The maximum value occurs when there is maximum uncertainty, which would mean all probabilities are equal (and sum to 1.0): $p_i = p_j ~\forall ~i \neq j$.  Equal probabilities for $k$ classes means that $p_i = 1/k$ and therefore $1 - \sum_{i=1}^{k} p_i^2 = 1 - \sum_{i=1}^{k} 1/k^2 = 1 - k/k^2 = 1 - 1/k = (k-1)/k$.  The maximum value of that is when $1/k$ is at its smallest, which is when $k$ it gets really big. As $k$ gets bigger, $1/k$ goes to 0, leaving the maximum gini impurity as 1-0 = 1. You can see from the following iterations that the more classes we have, the smaller the second term becomes very small for large $k$:

In [12]:
import numpy as np
for k in [2,3,10,1000]:
    p = np.full(shape=(k,), fill_value=1.0/k)
    print(f"{k:4d}-class problem: sum(p^2)={np.sum(p**2):.4f}, 1/k={1/k:.4f}")

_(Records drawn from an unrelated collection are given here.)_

(* Let $G=(V,E)$ be a finite, simple, connected reflective graph and $x\sim y$. Then $V_x^y$ is convex, and the subgraph induced on $V_x^y$ is reflective.
   Context: $d$ is the combinatorial distance. For adjacent $x\sim y$ let $V_x^y=\{v: d(v,x)<d(v,y)\}$, $V^{xy}=\{v:d(v,x)=d(v,y)\}$. A reflection from $x$ to $y$ is a graph automorphism $\phi$ with $\phi\circ\phi=\mathrm{id}$, $\phi(x)=y$, such that the edges between $V_x^y$ and $V_y^x$ are exactly $\{\{x',\phi(x')\}:x'\in V_x^y\}$ and $\phi$ fixes $V^{xy}$ pointwise. A graph is reflective if every edge admits a reflection. A set $W\subseteq V$ is convex if every shortest path in $G$ whose first and last vertices lie in $W$ has all its vertices in $W$. *)

theory Defs
  imports Main
begin

definition simple_graph :: "'a set \<Rightarrow> ('a \<Rightarrow> 'a \<Rightarrow> bool) \<Rightarrow> bool" where
  "simple_graph V E \<longleftrightarrow> finite V \<and> (\<forall>u v. E u v \<longrightarrow> u \<in> V \<and> v \<in> V)
     \<and> (\<forall>u v. E u v \<longrightarrow> E v u) \<and> (\<forall>u. \<not> E u u)"

definition walk :: "'a set \<Rightarrow> ('a \<Rightarrow> 'a \<Rightarrow> bool) \<Rightarrow> 'a list \<Rightarrow> bool" where
  "walk V E p \<longleftrightarrow> p \<noteq> [] \<and> set p \<subseteq> V \<and> (\<forall>i. Suc i < length p \<longrightarrow> E (p ! i) (p ! Suc i))"

definition connected_graph :: "'a set \<Rightarrow> ('a \<Rightarrow> 'a \<Rightarrow> bool) \<Rightarrow> bool" where
  "connected_graph V E \<longleftrightarrow> V \<noteq> {} \<and>
     (\<forall>u\<in>V. \<forall>v\<in>V. \<exists>p. walk V E p \<and> hd p = u \<and> last p = v)"

definition gdist :: "'a set \<Rightarrow> ('a \<Rightarrow> 'a \<Rightarrow> bool) \<Rightarrow> 'a \<Rightarrow> 'a \<Rightarrow> nat" where
  "gdist V E u v = (LEAST n. \<exists>p. walk V E p \<and> hd p = u \<and> last p = v \<and> length p = Suc n)"

definition shortest_path :: "'a set \<Rightarrow> ('a \<Rightarrow> 'a \<Rightarrow> bool) \<Rightarrow> 'a list \<Rightarrow> bool" where
  "shortest_path V E p \<longleftrightarrow> walk V E p \<and> length p = Suc (gdist V E (hd p) (last p))"

definition convex_set :: "'a set \<Rightarrow> ('a \<Rightarrow> 'a \<Rightarrow> bool) \<Rightarrow> 'a set \<Rightarrow> bool" where
  "convex_set V E W \<longleftrightarrow> W \<subseteq> V \<and>
     (\<forall>p. shortest_path V E p \<and> hd p \<in> W \<and> last p \<in> W \<longrightarrow> set p \<subseteq> W)"

definition halfspace :: "'a set \<Rightarrow> ('a \<Rightarrow> 'a \<Rightarrow> bool) \<Rightarrow> 'a \<Rightarrow> 'a \<Rightarrow> 'a set" where
  "halfspace V E x y = {v \<in> V. gdist V E v x < gdist V E v y}"

definition midset :: "'a set \<Rightarrow> ('a \<Rightarrow> 'a \<Rightarrow> bool) \<Rightarrow> 'a \<Rightarrow> 'a \<Rightarrow> 'a set" where
  "midset V E x y = {v \<in> V. gdist V E v x = gdist V E v y}"

definition graph_automorphism :: "'a set \<Rightarrow> ('a \<Rightarrow> 'a \<Rightarrow> bool) \<Rightarrow> ('a \<Rightarrow> 'a) \<Rightarrow> bool" where
  "graph_automorphism V E \<phi> \<longleftrightarrow> bij_betw \<phi> V V \<and>
     (\<forall>u\<in>V. \<forall>v\<in>V. E u v \<longleftrightarrow> E (\<phi> u) (\<phi> v))"

definition reflection :: "'a set \<Rightarrow> ('a \<Rightarrow> 'a \<Rightarrow> bool) \<Rightarrow> 'a \<Rightarrow> 'a \<Rightarrow> ('a \<Rightarrow> 'a) \<Rightarrow> bool" where
  "reflection V E x y \<phi> \<longleftrightarrow> graph_automorphism V E \<phi> \<and> (\<forall>v\<in>V. \<phi> (\<phi> v) = v) \<and> \<phi> x = y
     \<and> {{u, v} | u v. u \<in> halfspace V E x y \<and> v \<in> halfspace V E y x \<and> E u v}
        = {{u, \<phi> u} | u. u \<in> halfspace V E x y}
     \<and> (\<forall>v\<in>midset V E x y. \<phi> v = v)"

definition reflective :: "'a set \<Rightarrow> ('a \<Rightarrow> 'a \<Rightarrow> bool) \<Rightarrow> bool" where
  "reflective V E \<longleftrightarrow> (\<forall>x\<in>V. \<forall>y\<in>V. E x y \<longrightarrow> (\<exists>\<phi>. reflection V E x y \<phi>))"

definition induced :: "('a \<Rightarrow> 'a \<Rightarrow> bool) \<Rightarrow> 'a set \<Rightarrow> 'a \<Rightarrow> 'a \<Rightarrow> bool" where
  "induced E W u v \<longleftrightarrow> E u v \<and> u \<in> W \<and> v \<in> W"

end

theory Submission
  imports Defs
begin

(* Halfspaces of parallel edges coincide: if q lies in V_x^y and phi is the reflection for xy,
  then V_q^(phi q) = V_x^y. Indeed the reflection rho for the edge q (phi q) must swap x and y,
  since xy crosses from V_q^(phi q) to V_(phi q)^q; so rho maps V_x^y into V_y^x, hence fixes no
  vertex of V_x^y and crosses no edge inside it, and V_x^y, connected to x along geodesics, lies
  in V_q^(phi q). Convexity follows: a vertex c outside V_x^y on a geodesic between vertices of
  V_x^y would be farther from both ends than phi c, or, if phi fixes c, would shorten the way
  from one end to the mirror image of the other. The reflection sigma of an edge inside V_x^y
  fixes xy or moves it to a parallel edge, so sigma preserves V_x^y; as V_x^y is convex, distances
  in the induced subgraph are those of the graph, and sigma restricts to a reflection there. *)

locale connected_simple_graph =
  fixes V :: "'a set" and E :: "'a \<Rightarrow> 'a \<Rightarrow> bool"
  assumes simple: "simple_graph V E" and connected: "connected_graph V E"
begin

abbreviation d :: "'a \<Rightarrow> 'a \<Rightarrow> nat" where "d \<equiv> gdist V E"
abbreviation H :: "'a \<Rightarrow> 'a \<Rightarrow> 'a set" where "H \<equiv> halfspace V E"
abbreviation M :: "'a \<Rightarrow> 'a \<Rightarrow> 'a set" where "M \<equiv> midset V E"

lemma mem_halfspace: "w \<in> H a b \<longleftrightarrow> w \<in> V \<and> d w a < d w b"
  by (simp add: halfspace_def)

lemma mem_midset: "w \<in> M a b \<longleftrightarrow> w \<in> V \<and> d w a = d w b"
  by (simp add: midset_def)

lemma halfspace_trichotomy: "w \<in> V \<Longrightarrow> w \<in> H a b \<or> w \<in> H b a \<or> w \<in> M a b"
  by (auto simp: mem_halfspace mem_midset)

lemma edge_in_V: "E u v \<Longrightarrow> u \<in> V \<and> v \<in> V"
  using simple unfolding simple_graph_def by blast

lemma edge_sym: "E u v \<Longrightarrow> E v u"
  using simple unfolding simple_graph_def by blast

lemma edge_irrefl: "\<not> E u u"
  using simple unfolding simple_graph_def by blast

lemma walk_Cons_Cons: "walk V E (u # v # p) \<longleftrightarrow> u \<in> V \<and> E u v \<and> walk V E (v # p)"
  unfolding walk_def by (auto simp: less_Suc_eq_0_disj)

lemma walk_append:
  "walk V E p \<Longrightarrow> walk V E q \<Longrightarrow> last p = hd q \<Longrightarrow> walk V E (p @ tl q)"
proof (induction p rule: induct_list012)
  case 1 then show ?case by (simp add: walk_def)
next
  case (2 u) then show ?case by (cases q) (auto simp: walk_def)
next
  case (3 u v p) then show ?case by (auto simp: walk_Cons_Cons)
qed

lemma walk_take: "walk V E p \<Longrightarrow> i < length p \<Longrightarrow> walk V E (take (Suc i) p)"
  unfolding walk_def by (auto dest: in_set_takeD)

lemma walk_drop: "walk V E p \<Longrightarrow> i < length p \<Longrightarrow> walk V E (drop i p)"
  unfolding walk_def by (auto dest: in_set_dropD)

lemma walk_map:
  assumes "\<And>v. v \<in> V \<Longrightarrow> f v \<in> V" and "\<And>u v. u \<in> V \<Longrightarrow> v \<in> V \<Longrightarrow> E u v \<Longrightarrow> E (f u) (f v)"
    and "walk V E p"
  shows "walk V E (map f p)"
  using assms unfolding walk_def by (auto simp: subset_iff)

lemma walk_rev:
  assumes "walk V E p" shows "walk V E (rev p)"
  unfolding walk_def
proof (intro conjI allI impI)
  show "rev p \<noteq> []" "set (rev p) \<subseteq> V" using assms unfolding walk_def by auto
  fix i assume i: "Suc i < length (rev p)"
  define j where "j = length p - Suc (Suc i)"
  have "E (p ! j) (p ! Suc j)" using assms i unfolding walk_def j_def by simp
  moreover have "rev p ! i = p ! Suc j" "rev p ! Suc i = p ! j"
    using i by (simp_all add: rev_nth j_def Suc_diff_Suc)
  ultimately show "E (rev p ! i) (rev p ! Suc i)" by (simp add: edge_sym)
qed

lemma gdist_le_length:
  assumes "walk V E p" "hd p = u" "last p = v"
  shows "d u v \<le> length p - 1"
proof -
  have "length p = Suc (length p - 1)" using assms(1) by (cases p) (auto simp: walk_def)
  then show ?thesis unfolding gdist_def using assms by (intro Least_le) metis
qed

lemma shortest_walk_exists:
  assumes "u \<in> V" "v \<in> V"
  obtains p where "walk V E p" "hd p = u" "last p = v" "length p = Suc (d u v)"
proof -
  obtain p where p: "walk V E p" "hd p = u" "last p = v"
    using connected assms unfolding connected_graph_def by blast
  have "length p = Suc (length p - 1)" using p(1) by (cases p) (auto simp: walk_def)
  then have "\<exists>n p. walk V E p \<and> hd p = u \<and> last p = v \<and> length p = Suc n" using p by blast
  from LeastI_ex[OF this] show ?thesis using that unfolding gdist_def by blast
qed

lemma gdist_self: "v \<in> V \<Longrightarrow> d v v = 0"
  using gdist_le_length[of "[v]"] by (simp add: walk_def)

lemma gdist_eq_0_iff:
  assumes "u \<in> V" "v \<in> V" shows "d u v = 0 \<longleftrightarrow> u = v"
proof
  assume "d u v = 0"
  then obtain p where "walk V E p" "hd p = u" "last p = v" "length p = 1"
    using shortest_walk_exists[OF assms] by (metis One_nat_def)
  then show "u = v" by (cases p) auto
qed (use gdist_self assms in simp)

lemma gdist_sym:
  assumes "u \<in> V" "v \<in> V" shows "d u v = d v u"
proof -
  have "d b a \<le> d a b" if ab: "a \<in> V" "b \<in> V" for a b
  proof -
    obtain p where p: "walk V E p" "hd p = a" "last p = b" "length p = Suc (d a b)"
      using shortest_walk_exists[OF ab] .
    have "hd (rev p) = b" "last (rev p) = a" using p by (auto simp: hd_rev last_rev)
    then show ?thesis using gdist_le_length[OF walk_rev[OF p(1)]] p(4) by simp
  qed
  then show ?thesis using assms by (simp add: le_antisym)
qed

lemma gdist_triangle:
  assumes "u \<in> V" "v \<in> V" "w \<in> V" shows "d u w \<le> d u v + d v w"
proof -
  obtain p where p: "walk V E p" "hd p = u" "last p = v" "length p = Suc (d u v)"
    using shortest_walk_exists assms by blast
  obtain q where q: "walk V E q" "hd q = v" "last q = w" "length q = Suc (d v w)"
    using shortest_walk_exists assms by blast
  have "hd (p @ tl q) = u" using p by (cases p) auto
  moreover have "last (p @ tl q) = w" using p q by (cases q) auto
  ultimately have "d u w \<le> length (p @ tl q) - 1"
    using gdist_le_length[OF walk_append[OF p(1) q(1)]] p(3) q(2) by simp
  then show ?thesis using p q by simp
qed

lemma gdist_eq_1_iff:
  assumes "u \<in> V" "v \<in> V" shows "d u v = 1 \<longleftrightarrow> E u v"
proof
  assume "E u v"
  then have "d u v \<le> 1" using gdist_le_length[of "[u, v]"] assms by (simp add: walk_Cons_Cons walk_def)
  moreover have "u \<noteq> v" using \<open>E u v\<close> edge_irrefl by blast
  ultimately show "d u v = 1" using gdist_eq_0_iff assms by fastforce
next
  assume "d u v = 1"
  then obtain p where "walk V E p" "hd p = u" "last p = v" "length p = 2"
    using shortest_walk_exists[OF assms] by (metis one_add_one plus_1_eq_Suc)
  then show "E u v" by (auto simp: walk_Cons_Cons numeral_2_eq_2 length_Suc_conv)
qed

lemma gdist_first_step:
  assumes "u \<in> V" "v \<in> V" "u \<noteq> v"
  obtains w where "E u w" "Suc (d w v) = d u v"
proof -
  obtain p where p: "walk V E p" "hd p = u" "last p = v" "length p = Suc (d u v)"
    using shortest_walk_exists assms by blast
  moreover have nonzero: "d u v \<noteq> 0" using assms gdist_eq_0_iff by blast
  ultimately obtain w p' where p_eq: "p = u # w # p'"
    by (cases p; cases "tl p") auto
  then have "E u w" "walk V E (w # p')" using p(1) by (auto simp: walk_Cons_Cons)
  then have "d w v \<le> d u v - 1" using gdist_le_length[of "w # p'" w v] p p_eq by simp
  moreover have "d u v \<le> 1 + d w v"
    using gdist_triangle[of u w v] gdist_eq_1_iff[of u w] \<open>E u w\<close> edge_in_V assms by auto
  ultimately show ?thesis using that \<open>E u w\<close> nonzero by simp
qed

lemma gdist_homomorphism_le:
  assumes "\<And>v. v \<in> V \<Longrightarrow> f v \<in> V" and "\<And>u v. u \<in> V \<Longrightarrow> v \<in> V \<Longrightarrow> E u v \<Longrightarrow> E (f u) (f v)"
    and "a \<in> V" "b \<in> V"
  shows "d (f a) (f b) \<le> d a b"
proof -
  obtain p where p: "walk V E p" "hd p = a" "last p = b" "length p = Suc (d a b)"
    using shortest_walk_exists assms(3,4) by blast
  have "hd (map f p) = f a" "last (map f p) = f b" using p by (auto simp: hd_map last_map walk_def)
  then show ?thesis using gdist_le_length[OF walk_map[OF assms(1,2) p(1)]] p(4) by simp
qed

   2-class problem: sum(p^2)=0.5000, 1/k=0.5000
   3-class problem: sum(p^2)=0.3333, 1/k=0.3333
  10-class problem: sum(p^2)=0.1000, 1/k=0.1000
1000-class problem: sum(p^2)=0.0010, 1/k=0.0010


In [14]:
def gini(y):
    """
    Compute gini impurity from y vector of class values (from k unique values).
    Result is in range 0..(k-1/k) inclusive; binary range is 0..1/2.
    See https://en.wikipedia.org/wiki/Decision_tree_learning#Gini_impurity"
    """
    _, counts = np.unique(y, return_counts=True)
    p = counts / len(y)
    return 1 - np.sum( p**2 )

# Play

In [30]:
from scipy.stats import mode
y_preds = np.array([0,0,1,1,1])
y_pred,_ = mode(y_preds)
y_pred = y_pred[0]
print(y_pred)
T = len(y_preds)
np.sum(y_preds==y_pred) / T

1


0.6

In [38]:
y_preds = np.array([0,0,0,1])
1 - gini(y_preds)

0.625